• [How to complete this task]: What follows is a set of records; give them all back exactly.

Dataset entries
++++++++

(* Let $p\in\{1,2\}$, let $\Omega\subset\mathbb{R}^n$ be a domain, $\mathcal{S}$ any basis of shapes in $\Omega$, $S\in\mathcal{S}$, and $f_1,f_2$ real-valued functions in $\mathrm{BMO}^p_{\mathcal{S}}(\Omega)$. If $f=\max(f_1,f_2)$ or $f=\min(f_1,f_2)$, then $$\frac1{|S|}\int_S|f-f_S|^p\le\frac1{|S|}\int_S|f_1-(f_1)_S|^p+\frac1{|S|}\int_S|f_2-(f_2)_S|^p.$$ Consequently $\|\max(f_1,f_2)\|_{\mathrm{BMO}^p_{\mathcal{S}}}\le\|f_1\|_{\mathrm{BMO}^p_{\mathcal{S}}}+\|f_2\|_{\mathrm{BMO}^p_{\mathcal{S}}}$ and $\|\min(f_1,f_2)\|_{\mathrm{BMO}^p_{\mathcal{S}}}\le\|f_1\|_{\mathrm{BMO}^p_{\mathcal{S}}}+\|f_2\|_{\mathrm{BMO}^p_{\mathcal{S}}}$.
   Context: A domain is an open connected set. A shape is an open set with $0<|S|<\infty$; a basis of shapes in $\Omega$ is a collection of shapes contained in $\Omega$ covering $\Omega$. For $f\in L^1(S)$, $f_S=\frac1{|S|}\int_Sf$. $\mathrm{BMO}^p_{\mathcal{S}}(\Omega)$ is the space of $f$ with $f\in L^1(S)$ for all $S\in\mathcal{S}$ and $\|f\|_{\mathrm{BMO}^p_{\mathcal{S}}}:=\sup_{S\in\mathcal{S}}\big(\frac1{|S|}\int_S|f-f_S|^p\big)^{1/p}<\infty$. *)

theory Defs
  imports "HOL-Analysis.Analysis"
begin

definition domain :: "'a::topological_space set \<Rightarrow> bool" where
  "domain \<Omega> \<longleftrightarrow> open \<Omega> \<and> connected \<Omega>"

definition shape :: "'a::euclidean_space set \<Rightarrow> bool" where
  "shape S \<longleftrightarrow> open S \<and> 0 < emeasure lebesgue S \<and> emeasure lebesgue S < \<infinity>"

definition basis_of_shapes :: "'a::euclidean_space set \<Rightarrow> 'a set set \<Rightarrow> bool" where
  "basis_of_shapes \<Omega> \<S> \<longleftrightarrow> (\<forall>S\<in>\<S>. shape S \<and> S \<subseteq> \<Omega>) \<and> \<Union>\<S> = \<Omega>"

definition avg :: "'a::euclidean_space set \<Rightarrow> ('a \<Rightarrow> real) \<Rightarrow> real" where
  "avg S f = (LINT x:S|lebesgue. f x) / measure lebesgue S"

definition mean_osc :: "real \<Rightarrow> 'a::euclidean_space set \<Rightarrow> ('a \<Rightarrow> real) \<Rightarrow> real" where
  "mean_osc p S f = avg S (\<lambda>x. \<bar>f x - avg S f\<bar> powr p)"

definition in_BMO :: "real \<Rightarrow> 'a::euclidean_space set set \<Rightarrow> ('a \<Rightarrow> real) \<Rightarrow> bool" where
  "in_BMO p \<S> f \<longleftrightarrow>
     (\<forall>S\<in>\<S>. set_integrable lebesgue S f
              \<and> set_integrable lebesgue S (\<lambda>x. \<bar>f x - avg S f\<bar> powr p))
     \<and> bdd_above ((\<lambda>S. mean_osc p S f) ` \<S>)"

definition BMO_norm :: "real \<Rightarrow> 'a::euclidean_space set set \<Rightarrow> ('a \<Rightarrow> real) \<Rightarrow> real" where
  "BMO_norm p \<S> f = (SUP S\<in>\<S>. mean_osc p S f) powr (1 / p)"

end

theory Submission
  imports Defs
begin

text \<open>Both inequalities are pointwise comparisons after a suitable choice of constants.
  For \<open>p = 1\<close>: a function with mean zero has \<open>\<integral>|W| = 2\<integral>W\<^sup>+\<close>, and
  \<open>(max f\<^sub>1 f\<^sub>2 - m)\<^sup>+ \<le> (f\<^sub>1 - a\<^sub>1)\<^sup>+ + (f\<^sub>2 - a\<^sub>2)\<^sup>+\<close> because the averages \<open>a\<^sub>i\<close> of \<open>f\<^sub>i\<close> are
  at most the average \<open>m\<close> of \<open>max f\<^sub>1 f\<^sub>2\<close>. For \<open>p = 2\<close>: the average minimises the mean
  squared deviation, so one may replace \<open>m\<close> by \<open>max a\<^sub>1 a\<^sub>2\<close>, and
  \<open>|max f\<^sub>1 f\<^sub>2 - max a\<^sub>1 a\<^sub>2| \<le> max |f\<^sub>1 - a\<^sub>1| |f\<^sub>2 - a\<^sub>2|\<close>. The case of \<open>min\<close> follows by
  negation, and the seminorm bounds from \<open>sqrt (A + B) \<le> sqrt A + sqrt B\<close>.\<close>

definition average :: "'a measure \<Rightarrow> ('a \<Rightarrow> real) \<Rightarrow> real" where
  "average M f = integral\<^sup>L M f / measure M (space M)"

++++++++

• [Final answer]:
(* Let $p\in\{1,2\}$, let $\Omega\subset\mathbb{R}^n$ be a domain, $\mathcal{S}$ any basis of shapes in $\Omega$, $S\in\mathcal{S}$, and $f_1,f_2$ real-valued functions in $\mathrm{BMO}^p_{\mathcal{S}}(\Omega)$. If $f=\max(f_1,f_2)$ or $f=\min(f_1,f_2)$, then $$\frac1{|S|}\int_S|f-f_S|^p\le\frac1{|S|}\int_S|f_1-(f_1)_S|^p+\frac1{|S|}\int_S|f_2-(f_2)_S|^p.$$ Consequently $\|\max(f_1,f_2)\|_{\mathrm{BMO}^p_{\mathcal{S}}}\le\|f_1\|_{\mathrm{BMO}^p_{\mathcal{S}}}+\|f_2\|_{\mathrm{BMO}^p_{\mathcal{S}}}$ and $\|\min(f_1,f_2)\|_{\mathrm{BMO}^p_{\mathcal{S}}}\le\|f_1\|_{\mathrm{BMO}^p_{\mathcal{S}}}+\|f_2\|_{\mathrm{BMO}^p_{\mathcal{S}}}$.
   Context: A domain is an open connected set. A shape is an open set with $0<|S|<\infty$; a basis of shapes in $\Omega$ is a collection of shapes contained in $\Omega$ covering $\Omega$. For $f\in L^1(S)$, $f_S=\frac1{|S|}\int_Sf$. $\mathrm{BMO}^p_{\mathcal{S}}(\Omega)$ is the space of $f$ with $f\in L^1(S)$ for all $S\in\mathcal{S}$ and $\|f\|_{\mathrm{BMO}^p_{\mathcal{S}}}:=\sup_{S\in\mathcal{S}}\big(\frac1{|S|}\int_S|f-f_S|^p\big)^{1/p}<\infty$. *)

theory Defs
  imports "HOL-Analysis.Analysis"
begin

definition domain :: "'a::topological_space set \<Rightarrow> bool" where
  "domain \<Omega> \<longleftrightarrow> open \<Omega> \<and> connected \<Omega>"

definition shape :: "'a::euclidean_space set \<Rightarrow> bool" where
  "shape S \<longleftrightarrow> open S \<and> 0 < emeasure lebesgue S \<and> emeasure lebesgue S < \<infinity>"

definition basis_of_shapes :: "'a::euclidean_space set \<Rightarrow> 'a set set \<Rightarrow> bool" where
  "basis_of_shapes \<Omega> \<S> \<longleftrightarrow> (\<forall>S\<in>\<S>. shape S \<and> S \<subseteq> \<Omega>) \<and> \<Union>\<S> = \<Omega>"

definition avg :: "'a::euclidean_space set \<Rightarrow> ('a \<Rightarrow> real) \<Rightarrow> real" where
  "avg S f = (LINT x:S|lebesgue. f x) / measure lebesgue S"

definition mean_osc :: "real \<Rightarrow> 'a::euclidean_space set \<Rightarrow> ('a \<Rightarrow> real) \<Rightarrow> real" where
  "mean_osc p S f = avg S (\<lambda>x. \<bar>f x - avg S f\<bar> powr p)"

definition in_BMO :: "real \<Rightarrow> 'a::euclidean_space set set \<Rightarrow> ('a \<Rightarrow> real) \<Rightarrow> bool" where
  "in_BMO p \<S> f \<longleftrightarrow>
     (\<forall>S\<in>\<S>. set_integrable lebesgue S f
              \<and> set_integrable lebesgue S (\<lambda>x. \<bar>f x - avg S f\<bar> powr p))
     \<and> bdd_above ((\<lambda>S. mean_osc p S f) ` \<S>)"

definition BMO_norm :: "real \<Rightarrow> 'a::euclidean_space set set \<Rightarrow> ('a \<Rightarrow> real) \<Rightarrow> real" where
  "BMO_norm p \<S> f = (SUP S\<in>\<S>. mean_osc p S f) powr (1 / p)"

end

theory Submission
  imports Defs
begin

text \<open>Both inequalities are pointwise comparisons after a suitable choice of constants.
  For \<open>p = 1\<close>: a function with mean zero has \<open>\<integral>|W| = 2\<integral>W\<^sup>+\<close>, and
  \<open>(max f\<^sub>1 f\<^sub>2 - m)\<^sup>+ \<le> (f\<^sub>1 - a\<^sub>1)\<^sup>+ + (f\<^sub>2 - a\<^sub>2)\<^sup>+\<close> because the averages \<open>a\<^sub>i\<close> of \<open>f\<^sub>i\<close> are
  at most the average \<open>m\<close> of \<open>max f\<^sub>1 f\<^sub>2\<close>. For \<open>p = 2\<close>: the average minimises the mean
  squared deviation, so one may replace \<open>m\<close> by \<open>max a\<^sub>1 a\<^sub>2\<close>, and
  \<open>|max f\<^sub>1 f\<^sub>2 - max a\<^sub>1 a\<^sub>2| \<le> max |f\<^sub>1 - a\<^sub>1| |f\<^sub>2 - a\<^sub>2|\<close>. The case of \<open>min\<close> follows by
  negation, and the seminorm bounds from \<open>sqrt (A + B) \<le> sqrt A + sqrt B\<close>.\<close>

definition average :: "'a measure \<Rightarrow> ('a \<Rightarrow> real) \<Rightarrow> real" where
  "average M f = integral\<^sup>L M f / measure M (space M)"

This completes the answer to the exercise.